- **WHAT YOU NEED TO DO**
Report each line of the entries below that has the word "imports" in it.

- **INPUT RECORDS**
(* Let $n>1$, $\mathcal D=(0,1)^n$, integers $\ell_0\ge2$ and $L>\ell_0$, and constants $\eta,\rho\in\mathbb R$, $\boldsymbol\beta\in\mathbb R^n$. Let $a(u,v)=\int_{\mathcal D}(\eta\nabla u\cdot\overline{\nabla v}+\boldsymbol\beta\cdot\nabla u\,\bar v+\rho u\bar v)$ and $\mu_{\mathbf q}=\sup_{\mathbf j\in\mathcal J^{\rm iso}}|a(\widehat\psi^{\rm iso}_{\mathbf j},\widehat\xi_{\mathbf q})|^2$, $\mathbf q\in\mathbb Z^n$ (see context). Then $$\mu_{\mathbf 0}\lesssim|\rho|^2 2^{-(2+n)\ell_0},$$ and for all $\mathbf q\ne\mathbf 0$, $$\mu_{\mathbf q}\lesssim\Big(|\eta|^2+\frac{\|\boldsymbol\beta\|_2^2}{\|\mathbf q\|_2^2}+\frac{|\rho|^2}{\|\mathbf q\|_2^4}\Big)\min\Big\{\frac{(1+2^{2(-\frac n2+2\|\mathbf q\|_0-1)L})\|\mathbf q\|_2^2}{|\widehat{\mathbf q}|^{\mathbf 4}},\ \frac{2^{-(n-\|\mathbf q\|_0)\ell_0}\|\mathbf q\|_2^2}{\|\mathbf q\|_\infty^2|\widehat{\mathbf q}|^{\mathbf 1}}\Big\},$$ with hidden constants depending exponentially on $n$ (and not on $\mathbf q$, $L$ or the coefficients).
   Context: 1D functions: $\varphi(x)=\max\{0,1-|x|\}$, $\psi(x)=\sum_{j=-1}^3b_j\varphi(2x-j)$ with $(b_{-1},\dots,b_3)=(\tfrac14,\tfrac12,-\tfrac32,\tfrac12,\tfrac14)$ (biorthogonal B-spline wavelets of order $(2,2)$), $\varphi_{\ell,k}=2^{\ell/2}\varphi(2^\ell\cdot-k)$, $\psi_{\ell,k}=2^{\ell/2}\psi(2^\ell\cdot-k)$, 1-periodized ($f^{\rm per}(x)=\sum_jf(x+j)$) on $(0,1)$. $\vartheta_{\ell,k,0}=\varphi_{\ell,k}$, $\vartheta_{\ell,k,1}=\psi_{\ell,k}$, $\psi^{\rm iso}_{\ell,\mathbf k,\mathbf e}(\mathbf x)=\prod_j\vartheta_{\ell,k_j,e_j}(x_j)$, indexed by $\mathbf j=(\ell,\mathbf k,\mathbf e)\in\mathcal J^{\rm iso}=\{\ell\in\mathbb N,\ \ell_0\le\ell<L,\ \mathbf k\in(\mathbb Z/(2^\ell\mathbb Z))^n,\ \mathbf e\in\{0,1\}^n\}$, normalized $\widehat\psi^{\rm iso}_{\mathbf j}=2^{-\ell}\psi^{\rm iso}_{\mathbf j}$. $\xi_{\mathbf q}(\mathbf x)=e^{2\pi i\mathbf q\cdot\mathbf x}$, $\widehat\xi_{\mathbf q}=(1+(2\pi\|\mathbf q\|_2)^2)^{-1/2}\xi_{\mathbf q}$. Notation: $\|\mathbf q\|_0$ = number of nonzero entries, $\widehat{\mathbf q}$ = restriction to nonzero entries, $|\mathbf x|^{\mathbf y}=\prod_j|x_j|^{y_j}$, $\mathbf 1,\mathbf 4$ constant vectors. *)

theory Defs
  imports "HOL-Analysis.Analysis"
begin

section \<open>1D biorthogonal B-spline wavelets of order (2,2), periodized\<close>

definition hat_phi :: "real \<Rightarrow> real" where
  "hat_phi x = max 0 (1 - \<bar>x\<bar>)"

definition wav_psi :: "real \<Rightarrow> real" where
  "wav_psi x = (1/4) * hat_phi (2*x + 1) + (1/2) * hat_phi (2*x)
              - (3/2) * hat_phi (2*x - 1) + (1/2) * hat_phi (2*x - 2)
              + (1/4) * hat_phi (2*x - 3)"

definition periodize :: "(real \<Rightarrow> real) \<Rightarrow> real \<Rightarrow> real" where
  "periodize f x = (\<Sum>\<^sub>\<infinity> j::int. f (x + of_int j))"

definition theta :: "nat \<Rightarrow> int \<Rightarrow> nat \<Rightarrow> real \<Rightarrow> real" where
  "theta l k e = periodize (\<lambda>x. 2 powr (real l / 2) *
      (if e = 0 then hat_phi else wav_psi) (2 ^ l * x - of_int k))"

text \<open>Points of R^n are functions nat => real, only coordinates i < n matter.\<close>

definition psi_iso :: "nat \<Rightarrow> nat \<Rightarrow> (nat \<Rightarrow> int) \<Rightarrow> (nat \<Rightarrow> nat) \<Rightarrow> (nat \<Rightarrow> real) \<Rightarrow> complex" where
  "psi_iso n l k e x = complex_of_real (\<Prod>j<n. theta l (k j) (e j) (x j))"

definition psi_iso_hat :: "nat \<Rightarrow> nat \<Rightarrow> (nat \<Rightarrow> int) \<Rightarrow> (nat \<Rightarrow> nat) \<Rightarrow> (nat \<Rightarrow> real) \<Rightarrow> complex" where
  "psi_iso_hat n l k e x = complex_of_real (2 powr (- real l)) * psi_iso n l k e x"

text \<open>Index set J^iso: l0 <= l < L, k in (Z/2^l Z)^n (representatives 0..2^l-1), e in {0,1}^n\<close>
definition J_iso :: "nat \<Rightarrow> nat \<Rightarrow> nat \<Rightarrow> (nat \<times> (nat \<Rightarrow> int) \<times> (nat \<Rightarrow> nat)) set" where
  "J_iso n l0 L = {(l, k, e). l0 \<le> l \<and> l < L \<and>
       k \<in> (\<Pi>\<^sub>E i\<in>{..<n}. {0..<2 ^ l}) \<and> e \<in> (\<Pi>\<^sub>E i\<in>{..<n}. {0, 1})}"

definition qnorm2_sq :: "nat \<Rightarrow> (nat \<Rightarrow> int) \<Rightarrow> real" where
  "qnorm2_sq n q = (\<Sum>i<n. (real_of_int (q i))\<^sup>2)"

definition xi :: "nat \<Rightarrow> (nat \<Rightarrow> int) \<Rightarrow> (nat \<Rightarrow> real) \<Rightarrow> complex" where
  "xi n q x = exp (2 * pi * \<i> * complex_of_real (\<Sum>i<n. real_of_int (q i) * x i))"

definition xi_hat :: "nat \<Rightarrow> (nat \<Rightarrow> int) \<Rightarrow> (nat \<Rightarrow> real) \<Rightarrow> complex" where
  "xi_hat n q x = complex_of_real ((1 + (2 * pi) ^ 2 * qnorm2_sq n q) powr (-1/2)) * xi n q x"

definition dom_D :: "nat \<Rightarrow> (nat \<Rightarrow> real) set" where
  "dom_D n = (\<Pi>\<^sub>E i\<in>{..<n}. {0<..<1})"

definition leb_n :: "nat \<Rightarrow> (nat \<Rightarrow> real) measure" where
  "leb_n n = completion (\<Pi>\<^sub>M i\<in>{..<n}. lborel)"

text \<open>i-th partial derivative (exists a.e. for the piecewise smooth functions considered)\<close>
definition pderiv_i :: "nat \<Rightarrow> ((nat \<Rightarrow> real) \<Rightarrow> complex) \<Rightarrow> (nat \<Rightarrow> real) \<Rightarrow> complex" where
  "pderiv_i i u x = vector_derivative (\<lambda>t. u (x(i := t))) (at (x i))"

definition bil :: "nat \<Rightarrow> real \<Rightarrow> (nat \<Rightarrow> real) \<Rightarrow> real \<Rightarrow>
     ((nat \<Rightarrow> real) \<Rightarrow> complex) \<Rightarrow> ((nat \<Rightarrow> real) \<Rightarrow> complex) \<Rightarrow> complex" where
  "bil n \<eta> \<beta> \<rho> u v = (LINT x : dom_D n | leb_n n.
      complex_of_real \<eta> * (\<Sum>i<n. pderiv_i i u x * cnj (pderiv_i i v x))
    + (\<Sum>i<n. complex_of_real (\<beta> i) * pderiv_i i u x) * cnj (v x)
    + complex_of_real \<rho> * u x * cnj (v x))"

definition mu :: "nat \<Rightarrow> nat \<Rightarrow> nat \<Rightarrow> real \<Rightarrow> (nat \<Rightarrow> real) \<Rightarrow> real \<Rightarrow> (nat \<Rightarrow> int) \<Rightarrow> real" where
  "mu n l0 L \<eta> \<beta> \<rho> q = (SUP j \<in> J_iso n l0 L. (case j of (l, k, e) \<Rightarrow>
      (cmod (bil n \<eta> \<beta> \<rho> (psi_iso_hat n l k e) (xi_hat n q)))\<^sup>2))"

definition qnorm0 :: "nat \<Rightarrow> (nat \<Rightarrow> int) \<Rightarrow> nat" where
  "qnorm0 n q = card {i. i < n \<and> q i \<noteq> 0}"

definition qnorm_inf :: "nat \<Rightarrow> (nat \<Rightarrow> int) \<Rightarrow> real" where
  "qnorm_inf n q = Max ((\<lambda>i. \<bar>real_of_int (q i)\<bar>) ` {..<n})"

text \<open>|q^|^y for the constant vector y = (p,...,p): product over nonzero entries\<close>
definition qhat_pow :: "nat \<Rightarrow> (nat \<Rightarrow> int) \<Rightarrow> nat \<Rightarrow> real" where
  "qhat_pow n q p = (\<Prod>i\<in>{i. i < n \<and> q i \<noteq> 0}. \<bar>real_of_int (q i)\<bar> ^ p)"

end

theory Submission
  imports Defs
begin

- **TASK OUTPUT**
  imports "HOL-Analysis.Analysis"
  imports Defs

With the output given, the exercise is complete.